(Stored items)
--- START ---

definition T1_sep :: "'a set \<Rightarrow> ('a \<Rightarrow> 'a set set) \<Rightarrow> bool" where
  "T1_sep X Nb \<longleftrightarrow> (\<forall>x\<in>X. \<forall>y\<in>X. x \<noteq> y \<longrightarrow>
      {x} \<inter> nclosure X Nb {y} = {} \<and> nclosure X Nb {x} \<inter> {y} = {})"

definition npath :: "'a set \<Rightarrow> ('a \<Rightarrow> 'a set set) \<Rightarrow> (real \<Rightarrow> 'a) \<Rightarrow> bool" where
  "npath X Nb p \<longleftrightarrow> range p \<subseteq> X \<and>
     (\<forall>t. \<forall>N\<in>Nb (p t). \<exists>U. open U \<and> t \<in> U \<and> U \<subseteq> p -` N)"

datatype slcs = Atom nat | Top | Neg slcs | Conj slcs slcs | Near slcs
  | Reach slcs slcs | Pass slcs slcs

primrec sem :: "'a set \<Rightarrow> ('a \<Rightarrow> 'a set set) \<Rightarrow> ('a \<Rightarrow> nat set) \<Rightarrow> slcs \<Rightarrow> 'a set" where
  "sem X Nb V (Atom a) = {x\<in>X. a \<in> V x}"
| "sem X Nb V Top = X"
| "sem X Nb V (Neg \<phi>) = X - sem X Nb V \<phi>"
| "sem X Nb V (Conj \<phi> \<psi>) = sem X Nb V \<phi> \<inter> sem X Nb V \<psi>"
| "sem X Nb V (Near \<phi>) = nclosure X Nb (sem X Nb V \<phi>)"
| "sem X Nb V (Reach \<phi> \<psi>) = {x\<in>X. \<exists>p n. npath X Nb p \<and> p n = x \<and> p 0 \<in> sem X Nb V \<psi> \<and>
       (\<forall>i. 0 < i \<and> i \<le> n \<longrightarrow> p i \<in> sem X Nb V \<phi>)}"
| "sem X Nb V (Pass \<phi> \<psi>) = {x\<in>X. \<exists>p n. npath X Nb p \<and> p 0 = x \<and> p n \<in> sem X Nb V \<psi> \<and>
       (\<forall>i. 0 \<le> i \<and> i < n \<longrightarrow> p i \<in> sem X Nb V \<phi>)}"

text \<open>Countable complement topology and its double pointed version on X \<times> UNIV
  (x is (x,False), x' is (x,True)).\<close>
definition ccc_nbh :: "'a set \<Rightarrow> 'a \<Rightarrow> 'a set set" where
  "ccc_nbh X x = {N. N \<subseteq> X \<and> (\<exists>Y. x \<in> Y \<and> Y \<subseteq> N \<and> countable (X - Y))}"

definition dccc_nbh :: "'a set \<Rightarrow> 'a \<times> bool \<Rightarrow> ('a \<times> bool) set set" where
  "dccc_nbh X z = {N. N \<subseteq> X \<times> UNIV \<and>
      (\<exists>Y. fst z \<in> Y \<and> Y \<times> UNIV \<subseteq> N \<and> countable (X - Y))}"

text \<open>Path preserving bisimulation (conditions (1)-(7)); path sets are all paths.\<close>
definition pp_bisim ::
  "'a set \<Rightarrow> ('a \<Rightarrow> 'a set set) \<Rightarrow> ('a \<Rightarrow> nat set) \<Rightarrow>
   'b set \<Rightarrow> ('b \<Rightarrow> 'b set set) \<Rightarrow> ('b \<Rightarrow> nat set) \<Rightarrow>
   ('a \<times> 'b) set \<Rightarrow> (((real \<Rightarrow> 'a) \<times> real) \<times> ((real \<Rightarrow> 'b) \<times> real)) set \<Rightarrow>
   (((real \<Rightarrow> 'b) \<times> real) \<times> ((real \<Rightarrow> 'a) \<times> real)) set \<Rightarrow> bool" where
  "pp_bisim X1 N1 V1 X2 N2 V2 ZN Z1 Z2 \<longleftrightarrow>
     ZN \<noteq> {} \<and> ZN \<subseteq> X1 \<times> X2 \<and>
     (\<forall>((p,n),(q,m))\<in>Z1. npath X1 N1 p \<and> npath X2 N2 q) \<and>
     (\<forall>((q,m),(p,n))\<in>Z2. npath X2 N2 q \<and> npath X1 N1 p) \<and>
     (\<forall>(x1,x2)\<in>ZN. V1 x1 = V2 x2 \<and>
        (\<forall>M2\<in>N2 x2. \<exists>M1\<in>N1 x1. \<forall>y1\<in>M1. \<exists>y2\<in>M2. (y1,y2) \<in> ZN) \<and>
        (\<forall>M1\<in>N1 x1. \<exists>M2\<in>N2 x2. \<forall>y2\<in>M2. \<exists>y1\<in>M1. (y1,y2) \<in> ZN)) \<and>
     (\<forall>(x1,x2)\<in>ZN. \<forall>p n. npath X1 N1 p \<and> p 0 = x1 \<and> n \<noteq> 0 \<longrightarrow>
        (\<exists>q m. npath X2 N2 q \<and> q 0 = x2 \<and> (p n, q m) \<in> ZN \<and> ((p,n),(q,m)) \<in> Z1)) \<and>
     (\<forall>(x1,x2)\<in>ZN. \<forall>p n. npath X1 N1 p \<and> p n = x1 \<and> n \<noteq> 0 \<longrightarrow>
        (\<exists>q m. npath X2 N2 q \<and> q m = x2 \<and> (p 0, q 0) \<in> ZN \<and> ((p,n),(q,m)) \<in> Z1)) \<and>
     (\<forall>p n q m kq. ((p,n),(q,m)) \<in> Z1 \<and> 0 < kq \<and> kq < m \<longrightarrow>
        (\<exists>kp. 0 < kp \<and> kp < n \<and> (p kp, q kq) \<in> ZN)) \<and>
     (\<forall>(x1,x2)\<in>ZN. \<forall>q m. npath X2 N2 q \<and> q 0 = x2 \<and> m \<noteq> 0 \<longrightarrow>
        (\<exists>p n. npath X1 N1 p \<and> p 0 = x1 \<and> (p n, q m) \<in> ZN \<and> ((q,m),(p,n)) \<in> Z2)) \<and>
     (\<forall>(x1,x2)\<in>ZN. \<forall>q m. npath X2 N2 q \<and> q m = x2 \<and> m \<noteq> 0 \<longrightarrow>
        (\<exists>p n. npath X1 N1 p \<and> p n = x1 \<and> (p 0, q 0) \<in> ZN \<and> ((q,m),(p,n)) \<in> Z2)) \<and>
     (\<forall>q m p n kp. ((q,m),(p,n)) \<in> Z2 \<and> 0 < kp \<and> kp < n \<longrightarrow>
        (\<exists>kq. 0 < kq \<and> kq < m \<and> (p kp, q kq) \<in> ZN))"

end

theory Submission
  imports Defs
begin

--- END ---
--- START ---

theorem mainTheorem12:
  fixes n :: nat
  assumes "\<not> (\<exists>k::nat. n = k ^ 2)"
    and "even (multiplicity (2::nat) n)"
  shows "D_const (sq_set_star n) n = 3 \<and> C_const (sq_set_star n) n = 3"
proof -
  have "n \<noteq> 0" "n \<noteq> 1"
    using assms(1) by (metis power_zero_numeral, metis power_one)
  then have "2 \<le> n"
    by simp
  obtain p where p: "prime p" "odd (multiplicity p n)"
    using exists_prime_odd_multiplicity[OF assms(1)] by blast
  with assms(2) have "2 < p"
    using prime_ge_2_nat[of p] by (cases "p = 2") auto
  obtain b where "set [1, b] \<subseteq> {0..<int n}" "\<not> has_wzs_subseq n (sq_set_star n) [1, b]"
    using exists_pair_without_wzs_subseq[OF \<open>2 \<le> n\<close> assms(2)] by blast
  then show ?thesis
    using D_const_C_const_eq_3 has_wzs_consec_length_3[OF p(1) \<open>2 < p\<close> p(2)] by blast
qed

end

--- END ---

WHAT NEEDS TO BE DONE
Using the entries above, give back exactly the line containing "Z1 Z2 \<longleftrightarrow>", the line containing "(\<exists>q m. npath X2 N2 q \<and> q 0", and every line between them, and nothing else.

TASK OUTPUT
  "pp_bisim X1 N1 V1 X2 N2 V2 ZN Z1 Z2 \<longleftrightarrow>
     ZN \<noteq> {} \<and> ZN \<subseteq> X1 \<times> X2 \<and>
     (\<forall>((p,n),(q,m))\<in>Z1. npath X1 N1 p \<and> npath X2 N2 q) \<and>
     (\<forall>((q,m),(p,n))\<in>Z2. npath X2 N2 q \<and> npath X1 N1 p) \<and>
     (\<forall>(x1,x2)\<in>ZN. V1 x1 = V2 x2 \<and>
        (\<forall>M2\<in>N2 x2. \<exists>M1\<in>N1 x1. \<forall>y1\<in>M1. \<exists>y2\<in>M2. (y1,y2) \<in> ZN) \<and>
        (\<forall>M1\<in>N1 x1. \<exists>M2\<in>N2 x2. \<forall>y2\<in>M2. \<exists>y1\<in>M1. (y1,y2) \<in> ZN)) \<and>
     (\<forall>(x1,x2)\<in>ZN. \<forall>p n. npath X1 N1 p \<and> p 0 = x1 \<and> n \<noteq> 0 \<longrightarrow>
        (\<exists>q m. npath X2 N2 q \<and> q 0 = x2 \<and> (p n, q m) \<in> ZN \<and> ((p,n),(q,m)) \<in> Z1)) \<and>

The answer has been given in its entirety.